[Dataset items]
#####

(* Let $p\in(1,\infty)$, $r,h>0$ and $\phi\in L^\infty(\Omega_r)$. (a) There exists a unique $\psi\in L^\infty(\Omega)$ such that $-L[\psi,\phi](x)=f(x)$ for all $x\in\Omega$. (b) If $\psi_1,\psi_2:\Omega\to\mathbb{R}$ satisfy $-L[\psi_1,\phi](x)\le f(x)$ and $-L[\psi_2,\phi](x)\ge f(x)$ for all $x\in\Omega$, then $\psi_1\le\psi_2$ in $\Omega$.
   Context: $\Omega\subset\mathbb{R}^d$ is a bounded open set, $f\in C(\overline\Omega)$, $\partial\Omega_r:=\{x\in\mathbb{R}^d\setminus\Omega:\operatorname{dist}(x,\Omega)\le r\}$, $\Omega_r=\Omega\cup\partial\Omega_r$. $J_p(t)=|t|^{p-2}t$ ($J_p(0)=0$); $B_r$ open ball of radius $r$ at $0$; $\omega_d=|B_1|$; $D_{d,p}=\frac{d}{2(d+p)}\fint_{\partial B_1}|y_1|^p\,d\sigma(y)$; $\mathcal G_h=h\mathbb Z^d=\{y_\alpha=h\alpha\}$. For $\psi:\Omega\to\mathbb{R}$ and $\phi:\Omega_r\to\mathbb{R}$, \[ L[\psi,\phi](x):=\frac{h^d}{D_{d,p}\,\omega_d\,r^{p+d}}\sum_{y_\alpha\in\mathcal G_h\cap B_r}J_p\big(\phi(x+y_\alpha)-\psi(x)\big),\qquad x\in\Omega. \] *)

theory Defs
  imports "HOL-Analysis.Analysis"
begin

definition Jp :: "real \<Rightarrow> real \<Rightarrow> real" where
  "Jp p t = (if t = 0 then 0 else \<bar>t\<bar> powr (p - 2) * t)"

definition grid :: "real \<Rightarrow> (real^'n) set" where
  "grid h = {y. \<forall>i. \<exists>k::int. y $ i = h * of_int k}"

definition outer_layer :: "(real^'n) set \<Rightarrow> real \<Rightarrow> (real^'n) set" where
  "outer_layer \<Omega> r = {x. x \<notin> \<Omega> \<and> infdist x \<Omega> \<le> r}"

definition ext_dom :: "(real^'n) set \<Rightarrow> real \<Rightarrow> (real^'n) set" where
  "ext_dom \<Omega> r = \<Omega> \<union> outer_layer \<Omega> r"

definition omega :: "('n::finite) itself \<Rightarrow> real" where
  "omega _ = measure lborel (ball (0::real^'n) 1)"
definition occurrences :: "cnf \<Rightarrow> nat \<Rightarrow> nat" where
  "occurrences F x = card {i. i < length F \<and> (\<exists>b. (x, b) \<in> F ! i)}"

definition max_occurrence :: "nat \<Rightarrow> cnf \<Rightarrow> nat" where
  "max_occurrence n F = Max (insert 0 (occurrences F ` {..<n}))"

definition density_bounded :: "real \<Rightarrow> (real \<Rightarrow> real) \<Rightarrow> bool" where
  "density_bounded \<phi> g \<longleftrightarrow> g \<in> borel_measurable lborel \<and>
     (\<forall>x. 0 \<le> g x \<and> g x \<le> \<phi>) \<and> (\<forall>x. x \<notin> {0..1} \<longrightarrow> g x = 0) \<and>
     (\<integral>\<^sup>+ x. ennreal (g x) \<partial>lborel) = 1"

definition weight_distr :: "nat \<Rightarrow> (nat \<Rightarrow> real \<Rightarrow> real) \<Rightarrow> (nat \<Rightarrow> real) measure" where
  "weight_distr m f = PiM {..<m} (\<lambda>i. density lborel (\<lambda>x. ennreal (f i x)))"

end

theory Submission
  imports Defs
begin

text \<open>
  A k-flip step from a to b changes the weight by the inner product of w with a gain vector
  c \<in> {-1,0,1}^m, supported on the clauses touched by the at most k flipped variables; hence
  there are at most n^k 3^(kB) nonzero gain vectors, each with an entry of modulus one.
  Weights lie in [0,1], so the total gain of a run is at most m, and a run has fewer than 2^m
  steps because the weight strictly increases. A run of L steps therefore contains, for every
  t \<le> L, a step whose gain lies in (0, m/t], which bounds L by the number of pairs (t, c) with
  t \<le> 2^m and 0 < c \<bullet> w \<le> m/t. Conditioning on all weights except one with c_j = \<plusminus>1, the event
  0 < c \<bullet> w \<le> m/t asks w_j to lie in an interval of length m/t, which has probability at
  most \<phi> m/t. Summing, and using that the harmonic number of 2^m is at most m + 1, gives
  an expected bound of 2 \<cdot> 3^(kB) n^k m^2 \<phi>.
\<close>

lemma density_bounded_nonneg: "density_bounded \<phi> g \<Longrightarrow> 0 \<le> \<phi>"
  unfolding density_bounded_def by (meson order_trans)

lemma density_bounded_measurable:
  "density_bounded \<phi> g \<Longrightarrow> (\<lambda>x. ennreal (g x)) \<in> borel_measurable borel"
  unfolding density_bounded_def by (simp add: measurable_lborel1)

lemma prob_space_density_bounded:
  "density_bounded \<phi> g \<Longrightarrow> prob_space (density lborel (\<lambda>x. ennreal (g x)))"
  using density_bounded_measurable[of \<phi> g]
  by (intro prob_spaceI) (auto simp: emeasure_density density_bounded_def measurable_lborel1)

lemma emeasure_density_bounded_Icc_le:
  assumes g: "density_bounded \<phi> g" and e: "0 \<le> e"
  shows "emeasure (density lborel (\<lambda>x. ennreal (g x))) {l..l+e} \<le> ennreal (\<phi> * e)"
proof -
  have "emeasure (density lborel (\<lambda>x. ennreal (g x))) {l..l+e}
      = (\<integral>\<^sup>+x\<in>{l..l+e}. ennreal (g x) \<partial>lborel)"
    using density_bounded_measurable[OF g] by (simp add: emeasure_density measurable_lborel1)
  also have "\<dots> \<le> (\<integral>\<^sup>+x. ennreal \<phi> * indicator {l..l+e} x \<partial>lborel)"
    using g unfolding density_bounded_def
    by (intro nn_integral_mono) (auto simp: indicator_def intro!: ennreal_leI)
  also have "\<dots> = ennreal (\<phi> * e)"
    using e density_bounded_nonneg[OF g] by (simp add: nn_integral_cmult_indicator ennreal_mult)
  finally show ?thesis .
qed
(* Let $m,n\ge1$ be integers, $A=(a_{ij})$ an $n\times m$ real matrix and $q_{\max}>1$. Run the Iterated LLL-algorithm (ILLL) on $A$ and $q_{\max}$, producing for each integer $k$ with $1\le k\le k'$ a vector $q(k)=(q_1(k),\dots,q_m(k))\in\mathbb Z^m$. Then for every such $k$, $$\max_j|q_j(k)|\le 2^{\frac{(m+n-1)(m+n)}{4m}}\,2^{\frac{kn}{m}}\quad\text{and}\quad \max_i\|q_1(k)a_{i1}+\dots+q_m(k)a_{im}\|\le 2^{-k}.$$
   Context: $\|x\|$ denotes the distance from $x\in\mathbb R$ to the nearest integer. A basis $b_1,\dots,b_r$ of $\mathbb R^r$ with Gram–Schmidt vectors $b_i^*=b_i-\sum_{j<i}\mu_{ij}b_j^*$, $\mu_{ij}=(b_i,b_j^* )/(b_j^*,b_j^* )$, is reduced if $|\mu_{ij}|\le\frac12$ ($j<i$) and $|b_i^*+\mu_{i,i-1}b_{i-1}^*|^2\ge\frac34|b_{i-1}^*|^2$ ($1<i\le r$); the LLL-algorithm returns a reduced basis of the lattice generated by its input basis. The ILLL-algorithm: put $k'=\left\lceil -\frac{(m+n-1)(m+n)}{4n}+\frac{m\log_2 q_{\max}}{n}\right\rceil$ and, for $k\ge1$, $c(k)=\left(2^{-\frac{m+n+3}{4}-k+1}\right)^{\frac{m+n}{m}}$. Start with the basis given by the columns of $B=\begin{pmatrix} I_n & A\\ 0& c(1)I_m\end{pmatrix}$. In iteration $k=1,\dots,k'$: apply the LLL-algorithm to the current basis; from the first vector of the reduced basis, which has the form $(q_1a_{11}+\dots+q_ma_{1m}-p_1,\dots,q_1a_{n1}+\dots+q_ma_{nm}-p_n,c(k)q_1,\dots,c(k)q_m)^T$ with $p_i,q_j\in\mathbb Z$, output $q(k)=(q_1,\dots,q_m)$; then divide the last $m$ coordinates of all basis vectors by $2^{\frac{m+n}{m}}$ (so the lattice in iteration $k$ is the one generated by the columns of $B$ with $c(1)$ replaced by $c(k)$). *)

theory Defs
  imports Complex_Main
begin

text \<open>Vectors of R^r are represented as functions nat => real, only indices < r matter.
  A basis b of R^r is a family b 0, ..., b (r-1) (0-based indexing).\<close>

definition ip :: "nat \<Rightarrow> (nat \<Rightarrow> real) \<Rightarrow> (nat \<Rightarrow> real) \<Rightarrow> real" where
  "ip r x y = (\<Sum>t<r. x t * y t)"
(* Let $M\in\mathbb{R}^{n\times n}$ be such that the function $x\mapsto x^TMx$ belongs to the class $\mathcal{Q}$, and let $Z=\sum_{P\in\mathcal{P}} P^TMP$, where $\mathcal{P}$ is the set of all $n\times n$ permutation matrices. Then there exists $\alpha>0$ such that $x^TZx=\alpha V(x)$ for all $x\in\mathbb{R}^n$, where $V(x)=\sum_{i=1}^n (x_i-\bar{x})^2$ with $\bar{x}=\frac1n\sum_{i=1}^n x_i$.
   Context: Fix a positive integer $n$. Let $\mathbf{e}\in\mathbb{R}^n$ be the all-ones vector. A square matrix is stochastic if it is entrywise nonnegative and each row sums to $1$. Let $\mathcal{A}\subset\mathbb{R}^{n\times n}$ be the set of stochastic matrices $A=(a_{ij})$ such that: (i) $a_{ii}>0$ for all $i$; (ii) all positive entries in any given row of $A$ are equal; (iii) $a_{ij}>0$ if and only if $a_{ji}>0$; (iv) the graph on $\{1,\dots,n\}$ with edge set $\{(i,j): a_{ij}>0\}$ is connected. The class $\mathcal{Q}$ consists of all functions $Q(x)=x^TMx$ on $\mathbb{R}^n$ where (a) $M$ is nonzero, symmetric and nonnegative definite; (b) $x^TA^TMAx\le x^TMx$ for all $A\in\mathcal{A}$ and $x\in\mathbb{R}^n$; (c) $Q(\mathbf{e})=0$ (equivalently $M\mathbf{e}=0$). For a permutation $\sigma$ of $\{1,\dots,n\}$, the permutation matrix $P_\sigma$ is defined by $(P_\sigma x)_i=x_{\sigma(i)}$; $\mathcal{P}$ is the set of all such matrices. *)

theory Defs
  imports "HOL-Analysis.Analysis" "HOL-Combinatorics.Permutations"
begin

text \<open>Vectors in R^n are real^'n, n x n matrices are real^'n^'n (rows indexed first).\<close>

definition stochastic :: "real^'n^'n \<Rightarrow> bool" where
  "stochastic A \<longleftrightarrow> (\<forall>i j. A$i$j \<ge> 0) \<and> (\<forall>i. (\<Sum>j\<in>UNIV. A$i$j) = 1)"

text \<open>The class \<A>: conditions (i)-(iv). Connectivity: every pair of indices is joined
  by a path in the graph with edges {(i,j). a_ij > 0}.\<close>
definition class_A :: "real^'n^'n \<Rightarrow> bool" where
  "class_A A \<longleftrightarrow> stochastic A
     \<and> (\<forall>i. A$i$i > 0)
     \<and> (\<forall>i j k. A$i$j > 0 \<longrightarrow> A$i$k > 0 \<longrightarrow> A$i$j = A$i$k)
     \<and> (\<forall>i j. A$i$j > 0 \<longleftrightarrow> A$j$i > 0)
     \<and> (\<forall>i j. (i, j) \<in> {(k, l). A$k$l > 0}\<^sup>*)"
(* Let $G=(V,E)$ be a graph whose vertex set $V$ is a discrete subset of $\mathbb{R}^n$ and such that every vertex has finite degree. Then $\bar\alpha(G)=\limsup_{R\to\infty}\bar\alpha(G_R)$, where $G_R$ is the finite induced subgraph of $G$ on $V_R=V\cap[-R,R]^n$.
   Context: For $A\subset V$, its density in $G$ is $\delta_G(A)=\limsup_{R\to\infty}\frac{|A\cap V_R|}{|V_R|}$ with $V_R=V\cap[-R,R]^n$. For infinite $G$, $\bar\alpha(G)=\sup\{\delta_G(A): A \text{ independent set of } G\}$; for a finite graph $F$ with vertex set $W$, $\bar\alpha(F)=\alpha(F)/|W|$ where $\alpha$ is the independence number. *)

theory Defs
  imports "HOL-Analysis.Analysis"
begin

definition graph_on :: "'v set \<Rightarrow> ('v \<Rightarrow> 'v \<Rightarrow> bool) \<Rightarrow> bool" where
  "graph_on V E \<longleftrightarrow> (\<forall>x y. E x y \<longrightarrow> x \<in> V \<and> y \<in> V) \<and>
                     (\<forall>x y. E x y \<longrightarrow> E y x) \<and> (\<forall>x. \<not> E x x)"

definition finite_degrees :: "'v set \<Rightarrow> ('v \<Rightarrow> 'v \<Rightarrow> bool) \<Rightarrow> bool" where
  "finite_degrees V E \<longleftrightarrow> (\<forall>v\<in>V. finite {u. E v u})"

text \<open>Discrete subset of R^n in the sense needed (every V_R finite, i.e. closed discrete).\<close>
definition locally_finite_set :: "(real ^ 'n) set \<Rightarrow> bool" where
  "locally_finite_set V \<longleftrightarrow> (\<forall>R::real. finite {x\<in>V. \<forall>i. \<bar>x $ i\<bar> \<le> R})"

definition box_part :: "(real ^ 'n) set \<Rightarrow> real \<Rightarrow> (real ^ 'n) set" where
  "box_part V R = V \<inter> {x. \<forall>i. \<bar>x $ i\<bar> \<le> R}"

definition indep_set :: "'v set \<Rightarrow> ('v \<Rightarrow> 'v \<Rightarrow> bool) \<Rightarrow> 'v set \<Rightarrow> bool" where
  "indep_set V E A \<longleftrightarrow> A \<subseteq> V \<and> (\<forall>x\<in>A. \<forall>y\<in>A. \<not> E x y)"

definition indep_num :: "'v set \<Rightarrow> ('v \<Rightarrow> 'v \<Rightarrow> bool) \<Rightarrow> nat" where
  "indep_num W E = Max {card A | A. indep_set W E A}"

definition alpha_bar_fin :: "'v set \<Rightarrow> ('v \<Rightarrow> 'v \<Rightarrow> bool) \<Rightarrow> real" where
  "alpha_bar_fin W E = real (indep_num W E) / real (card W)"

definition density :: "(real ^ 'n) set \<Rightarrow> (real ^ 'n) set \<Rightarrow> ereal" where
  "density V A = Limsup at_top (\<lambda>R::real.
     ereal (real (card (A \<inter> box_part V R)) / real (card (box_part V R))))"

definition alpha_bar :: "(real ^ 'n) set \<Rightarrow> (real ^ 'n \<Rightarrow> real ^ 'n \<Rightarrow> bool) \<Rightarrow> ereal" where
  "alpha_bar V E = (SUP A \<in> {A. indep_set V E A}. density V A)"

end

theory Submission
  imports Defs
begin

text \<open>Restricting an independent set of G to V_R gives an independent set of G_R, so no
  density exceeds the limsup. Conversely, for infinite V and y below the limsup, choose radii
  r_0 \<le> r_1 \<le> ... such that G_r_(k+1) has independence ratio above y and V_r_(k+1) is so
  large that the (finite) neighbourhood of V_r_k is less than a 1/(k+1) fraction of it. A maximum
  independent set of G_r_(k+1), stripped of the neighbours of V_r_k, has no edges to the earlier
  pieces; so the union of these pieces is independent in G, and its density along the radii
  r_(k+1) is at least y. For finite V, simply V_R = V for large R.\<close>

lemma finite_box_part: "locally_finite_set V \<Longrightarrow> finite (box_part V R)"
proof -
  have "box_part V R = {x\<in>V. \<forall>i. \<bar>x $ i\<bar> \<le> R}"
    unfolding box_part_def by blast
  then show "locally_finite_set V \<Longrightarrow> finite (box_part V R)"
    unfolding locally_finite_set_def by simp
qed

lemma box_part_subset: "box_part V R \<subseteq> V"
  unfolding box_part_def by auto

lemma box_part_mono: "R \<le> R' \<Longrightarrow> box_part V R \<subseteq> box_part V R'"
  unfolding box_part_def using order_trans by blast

#####

TASK OBJECTIVE ▸ Repeat exactly the lines from the first line of the records above through the line containing "(real \<Rightarrow> real)", both included, and nothing else.

ANSWER BELOW ▸
(* Let $p\in(1,\infty)$, $r,h>0$ and $\phi\in L^\infty(\Omega_r)$. (a) There exists a unique $\psi\in L^\infty(\Omega)$ such that $-L[\psi,\phi](x)=f(x)$ for all $x\in\Omega$. (b) If $\psi_1,\psi_2:\Omega\to\mathbb{R}$ satisfy $-L[\psi_1,\phi](x)\le f(x)$ and $-L[\psi_2,\phi](x)\ge f(x)$ for all $x\in\Omega$, then $\psi_1\le\psi_2$ in $\Omega$.
   Context: $\Omega\subset\mathbb{R}^d$ is a bounded open set, $f\in C(\overline\Omega)$, $\partial\Omega_r:=\{x\in\mathbb{R}^d\setminus\Omega:\operatorname{dist}(x,\Omega)\le r\}$, $\Omega_r=\Omega\cup\partial\Omega_r$. $J_p(t)=|t|^{p-2}t$ ($J_p(0)=0$); $B_r$ open ball of radius $r$ at $0$; $\omega_d=|B_1|$; $D_{d,p}=\frac{d}{2(d+p)}\fint_{\partial B_1}|y_1|^p\,d\sigma(y)$; $\mathcal G_h=h\mathbb Z^d=\{y_\alpha=h\alpha\}$. For $\psi:\Omega\to\mathbb{R}$ and $\phi:\Omega_r\to\mathbb{R}$, \[ L[\psi,\phi](x):=\frac{h^d}{D_{d,p}\,\omega_d\,r^{p+d}}\sum_{y_\alpha\in\mathcal G_h\cap B_r}J_p\big(\phi(x+y_\alpha)-\psi(x)\big),\qquad x\in\Omega. \] *)

theory Defs
  imports "HOL-Analysis.Analysis"
begin

definition Jp :: "real \<Rightarrow> real \<Rightarrow> real" where
  "Jp p t = (if t = 0 then 0 else \<bar>t\<bar> powr (p - 2) * t)"

definition grid :: "real \<Rightarrow> (real^'n) set" where
  "grid h = {y. \<forall>i. \<exists>k::int. y $ i = h * of_int k}"

definition outer_layer :: "(real^'n) set \<Rightarrow> real \<Rightarrow> (real^'n) set" where
  "outer_layer \<Omega> r = {x. x \<notin> \<Omega> \<and> infdist x \<Omega> \<le> r}"

definition ext_dom :: "(real^'n) set \<Rightarrow> real \<Rightarrow> (real^'n) set" where
  "ext_dom \<Omega> r = \<Omega> \<union> outer_layer \<Omega> r"

definition omega :: "('n::finite) itself \<Rightarrow> real" where
  "omega _ = measure lborel (ball (0::real^'n) 1)"
definition occurrences :: "cnf \<Rightarrow> nat \<Rightarrow> nat" where
  "occurrences F x = card {i. i < length F \<and> (\<exists>b. (x, b) \<in> F ! i)}"

definition max_occurrence :: "nat \<Rightarrow> cnf \<Rightarrow> nat" where
  "max_occurrence n F = Max (insert 0 (occurrences F ` {..<n}))"

definition density_bounded :: "real \<Rightarrow> (real \<Rightarrow> real) \<Rightarrow> bool" where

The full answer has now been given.